> What this task involves
Of the entries below, restate word for word only the section that runs from the line with "then show ?case using assms(3) by simp" to the line with "using assms by (simp add: revise_seq_def)", counting both ends.

-=-=-=-=-

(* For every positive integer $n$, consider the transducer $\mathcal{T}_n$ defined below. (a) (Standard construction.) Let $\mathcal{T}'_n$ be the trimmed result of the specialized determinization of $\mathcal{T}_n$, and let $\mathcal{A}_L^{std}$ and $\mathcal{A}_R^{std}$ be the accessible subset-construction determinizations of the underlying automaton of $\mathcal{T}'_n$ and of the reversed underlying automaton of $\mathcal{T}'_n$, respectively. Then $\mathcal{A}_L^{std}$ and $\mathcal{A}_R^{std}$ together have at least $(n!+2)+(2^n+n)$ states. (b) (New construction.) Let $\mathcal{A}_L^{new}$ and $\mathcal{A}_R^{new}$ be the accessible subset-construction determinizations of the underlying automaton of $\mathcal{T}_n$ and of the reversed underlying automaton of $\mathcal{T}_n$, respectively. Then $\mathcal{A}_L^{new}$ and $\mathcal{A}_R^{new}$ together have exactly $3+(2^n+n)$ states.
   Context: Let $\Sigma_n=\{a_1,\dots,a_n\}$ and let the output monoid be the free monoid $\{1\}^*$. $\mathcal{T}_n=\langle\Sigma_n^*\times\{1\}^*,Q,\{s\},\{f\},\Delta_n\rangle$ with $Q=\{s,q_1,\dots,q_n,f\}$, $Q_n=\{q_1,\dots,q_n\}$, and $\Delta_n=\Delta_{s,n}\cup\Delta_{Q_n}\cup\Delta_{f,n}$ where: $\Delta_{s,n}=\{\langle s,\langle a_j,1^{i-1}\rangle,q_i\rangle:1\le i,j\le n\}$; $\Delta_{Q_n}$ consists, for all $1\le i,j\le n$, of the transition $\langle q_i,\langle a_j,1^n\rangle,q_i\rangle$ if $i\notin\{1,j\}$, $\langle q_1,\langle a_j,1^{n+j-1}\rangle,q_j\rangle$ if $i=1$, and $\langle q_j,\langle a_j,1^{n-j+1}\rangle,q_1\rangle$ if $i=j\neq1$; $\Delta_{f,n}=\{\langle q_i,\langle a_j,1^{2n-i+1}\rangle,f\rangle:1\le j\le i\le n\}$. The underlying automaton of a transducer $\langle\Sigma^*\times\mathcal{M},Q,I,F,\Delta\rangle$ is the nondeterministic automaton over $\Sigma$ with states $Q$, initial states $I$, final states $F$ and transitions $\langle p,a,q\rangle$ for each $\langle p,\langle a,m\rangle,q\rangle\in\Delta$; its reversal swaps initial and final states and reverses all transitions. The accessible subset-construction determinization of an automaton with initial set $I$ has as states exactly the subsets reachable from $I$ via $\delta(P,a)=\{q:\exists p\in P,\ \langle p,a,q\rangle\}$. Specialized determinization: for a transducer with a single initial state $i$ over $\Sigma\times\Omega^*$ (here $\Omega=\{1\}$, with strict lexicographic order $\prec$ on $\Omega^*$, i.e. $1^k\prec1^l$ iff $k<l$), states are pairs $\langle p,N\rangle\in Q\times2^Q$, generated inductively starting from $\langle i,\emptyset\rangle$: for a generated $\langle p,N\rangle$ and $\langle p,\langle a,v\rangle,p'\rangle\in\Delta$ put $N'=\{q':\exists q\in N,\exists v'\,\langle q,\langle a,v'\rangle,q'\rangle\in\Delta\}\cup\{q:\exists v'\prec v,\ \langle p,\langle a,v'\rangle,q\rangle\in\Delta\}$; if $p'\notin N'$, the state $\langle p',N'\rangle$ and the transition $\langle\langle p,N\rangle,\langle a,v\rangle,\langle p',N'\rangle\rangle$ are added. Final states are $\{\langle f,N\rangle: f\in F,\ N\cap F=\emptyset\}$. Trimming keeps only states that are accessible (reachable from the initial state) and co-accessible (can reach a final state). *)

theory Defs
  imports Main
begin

-=-=-=-=-

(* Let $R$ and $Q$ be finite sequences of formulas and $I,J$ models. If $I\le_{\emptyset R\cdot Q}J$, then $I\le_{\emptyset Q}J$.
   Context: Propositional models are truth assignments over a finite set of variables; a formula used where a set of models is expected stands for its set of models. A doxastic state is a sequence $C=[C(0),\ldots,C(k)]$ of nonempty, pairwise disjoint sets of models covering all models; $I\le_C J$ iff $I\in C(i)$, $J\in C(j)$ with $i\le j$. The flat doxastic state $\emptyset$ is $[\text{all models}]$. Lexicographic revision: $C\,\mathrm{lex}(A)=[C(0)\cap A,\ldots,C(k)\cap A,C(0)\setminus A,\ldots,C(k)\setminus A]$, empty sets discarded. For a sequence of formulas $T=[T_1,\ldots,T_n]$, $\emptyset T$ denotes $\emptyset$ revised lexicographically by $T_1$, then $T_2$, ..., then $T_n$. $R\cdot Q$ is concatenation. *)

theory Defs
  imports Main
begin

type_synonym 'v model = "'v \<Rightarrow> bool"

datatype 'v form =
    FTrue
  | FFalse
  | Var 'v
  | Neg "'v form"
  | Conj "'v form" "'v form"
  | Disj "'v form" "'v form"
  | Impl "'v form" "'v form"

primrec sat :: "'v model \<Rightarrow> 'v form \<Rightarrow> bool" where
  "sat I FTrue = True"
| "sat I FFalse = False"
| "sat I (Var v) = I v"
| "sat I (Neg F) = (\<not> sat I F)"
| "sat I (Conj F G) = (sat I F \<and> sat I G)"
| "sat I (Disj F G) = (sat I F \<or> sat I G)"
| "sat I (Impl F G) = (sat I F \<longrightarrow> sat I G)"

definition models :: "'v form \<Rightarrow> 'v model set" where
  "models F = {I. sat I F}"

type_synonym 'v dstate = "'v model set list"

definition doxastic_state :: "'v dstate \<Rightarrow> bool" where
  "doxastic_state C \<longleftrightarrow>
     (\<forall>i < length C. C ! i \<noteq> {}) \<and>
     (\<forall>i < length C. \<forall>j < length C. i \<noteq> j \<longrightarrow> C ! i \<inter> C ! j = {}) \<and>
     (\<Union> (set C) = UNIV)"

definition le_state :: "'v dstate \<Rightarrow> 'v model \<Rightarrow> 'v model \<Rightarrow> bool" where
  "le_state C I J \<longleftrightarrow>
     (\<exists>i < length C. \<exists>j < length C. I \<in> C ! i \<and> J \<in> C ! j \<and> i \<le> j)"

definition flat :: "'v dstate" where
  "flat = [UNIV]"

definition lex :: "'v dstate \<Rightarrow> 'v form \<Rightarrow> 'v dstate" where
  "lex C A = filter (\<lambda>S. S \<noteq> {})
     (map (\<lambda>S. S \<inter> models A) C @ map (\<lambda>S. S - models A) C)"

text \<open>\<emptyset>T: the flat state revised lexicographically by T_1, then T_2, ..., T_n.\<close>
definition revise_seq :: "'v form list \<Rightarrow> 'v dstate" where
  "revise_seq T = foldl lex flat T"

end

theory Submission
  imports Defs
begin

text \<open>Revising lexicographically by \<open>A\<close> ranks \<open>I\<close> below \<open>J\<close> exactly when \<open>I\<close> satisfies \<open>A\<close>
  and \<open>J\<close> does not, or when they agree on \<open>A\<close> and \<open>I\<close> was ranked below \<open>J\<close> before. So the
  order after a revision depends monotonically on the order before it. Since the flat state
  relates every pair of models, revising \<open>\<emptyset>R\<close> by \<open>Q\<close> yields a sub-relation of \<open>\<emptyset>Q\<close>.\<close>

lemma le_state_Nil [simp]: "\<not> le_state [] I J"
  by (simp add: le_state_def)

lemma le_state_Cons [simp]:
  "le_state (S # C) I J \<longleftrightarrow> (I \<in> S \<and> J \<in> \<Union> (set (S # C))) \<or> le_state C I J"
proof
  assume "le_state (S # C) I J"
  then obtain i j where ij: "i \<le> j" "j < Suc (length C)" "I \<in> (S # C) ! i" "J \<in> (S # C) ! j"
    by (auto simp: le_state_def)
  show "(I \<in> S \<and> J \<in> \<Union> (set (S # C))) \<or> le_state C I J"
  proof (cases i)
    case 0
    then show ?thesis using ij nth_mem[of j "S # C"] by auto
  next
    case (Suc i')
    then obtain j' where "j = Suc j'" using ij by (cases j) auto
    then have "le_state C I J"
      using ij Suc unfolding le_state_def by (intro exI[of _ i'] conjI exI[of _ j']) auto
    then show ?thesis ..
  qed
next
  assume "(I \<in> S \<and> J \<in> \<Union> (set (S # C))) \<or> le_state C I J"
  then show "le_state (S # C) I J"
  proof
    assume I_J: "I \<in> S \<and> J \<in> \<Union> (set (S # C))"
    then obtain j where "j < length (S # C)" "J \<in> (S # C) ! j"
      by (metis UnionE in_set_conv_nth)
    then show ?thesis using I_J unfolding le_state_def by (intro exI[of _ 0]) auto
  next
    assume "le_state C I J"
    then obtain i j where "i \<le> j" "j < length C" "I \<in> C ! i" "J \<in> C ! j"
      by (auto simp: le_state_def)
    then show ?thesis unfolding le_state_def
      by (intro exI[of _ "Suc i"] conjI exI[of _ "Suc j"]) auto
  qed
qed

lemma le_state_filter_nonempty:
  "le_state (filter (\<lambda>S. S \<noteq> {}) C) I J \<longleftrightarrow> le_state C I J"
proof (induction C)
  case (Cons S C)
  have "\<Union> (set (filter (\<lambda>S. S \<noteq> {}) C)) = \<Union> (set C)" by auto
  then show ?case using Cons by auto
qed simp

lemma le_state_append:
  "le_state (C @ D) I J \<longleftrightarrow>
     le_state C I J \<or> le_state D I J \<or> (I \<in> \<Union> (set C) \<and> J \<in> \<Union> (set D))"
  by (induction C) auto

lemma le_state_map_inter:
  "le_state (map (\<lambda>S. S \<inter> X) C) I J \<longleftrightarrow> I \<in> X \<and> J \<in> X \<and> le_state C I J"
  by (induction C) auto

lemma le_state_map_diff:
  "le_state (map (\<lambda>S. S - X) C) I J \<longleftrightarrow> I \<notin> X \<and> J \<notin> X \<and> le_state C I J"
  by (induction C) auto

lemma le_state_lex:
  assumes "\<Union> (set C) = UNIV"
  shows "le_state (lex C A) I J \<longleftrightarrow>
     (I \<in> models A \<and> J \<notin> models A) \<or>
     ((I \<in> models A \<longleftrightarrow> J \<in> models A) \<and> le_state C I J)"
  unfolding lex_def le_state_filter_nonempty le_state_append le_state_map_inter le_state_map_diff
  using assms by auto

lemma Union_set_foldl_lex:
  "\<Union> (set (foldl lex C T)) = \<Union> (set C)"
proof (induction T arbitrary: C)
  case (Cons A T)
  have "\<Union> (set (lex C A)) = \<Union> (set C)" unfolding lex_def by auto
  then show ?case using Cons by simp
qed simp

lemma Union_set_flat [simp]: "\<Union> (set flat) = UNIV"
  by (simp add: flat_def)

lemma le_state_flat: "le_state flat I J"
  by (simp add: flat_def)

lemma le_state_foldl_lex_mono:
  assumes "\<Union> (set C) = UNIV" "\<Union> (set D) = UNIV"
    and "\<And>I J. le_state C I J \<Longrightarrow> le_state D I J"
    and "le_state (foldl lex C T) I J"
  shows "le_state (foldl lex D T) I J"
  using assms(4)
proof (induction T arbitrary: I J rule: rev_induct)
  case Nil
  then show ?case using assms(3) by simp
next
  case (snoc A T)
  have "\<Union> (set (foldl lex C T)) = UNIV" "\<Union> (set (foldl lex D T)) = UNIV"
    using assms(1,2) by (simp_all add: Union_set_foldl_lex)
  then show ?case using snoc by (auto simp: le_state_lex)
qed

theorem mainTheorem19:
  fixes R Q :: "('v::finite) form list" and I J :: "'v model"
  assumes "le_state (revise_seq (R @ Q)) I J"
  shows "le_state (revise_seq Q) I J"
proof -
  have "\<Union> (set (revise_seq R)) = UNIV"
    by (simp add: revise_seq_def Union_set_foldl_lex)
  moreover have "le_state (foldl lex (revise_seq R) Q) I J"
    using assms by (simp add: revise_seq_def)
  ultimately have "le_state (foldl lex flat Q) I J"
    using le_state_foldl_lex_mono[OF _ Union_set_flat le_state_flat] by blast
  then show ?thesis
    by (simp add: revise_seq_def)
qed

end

-=-=-=-=-

> Response to the exercise
  then show ?case using assms(3) by simp
next
  case (snoc A T)
  have "\<Union> (set (foldl lex C T)) = UNIV" "\<Union> (set (foldl lex D T)) = UNIV"
    using assms(1,2) by (simp_all add: Union_set_foldl_lex)
  then show ?case using snoc by (auto simp: le_state_lex)
qed

theorem mainTheorem19:
  fixes R Q :: "('v::finite) form list" and I J :: "'v model"
  assumes "le_state (revise_seq (R @ Q)) I J"
  shows "le_state (revise_seq Q) I J"
proof -
  have "\<Union> (set (revise_seq R)) = UNIV"
    by (simp add: revise_seq_def Union_set_foldl_lex)
  moreover have "le_state (foldl lex (revise_seq R) Q) I J"
    using assms by (simp add: revise_seq_def)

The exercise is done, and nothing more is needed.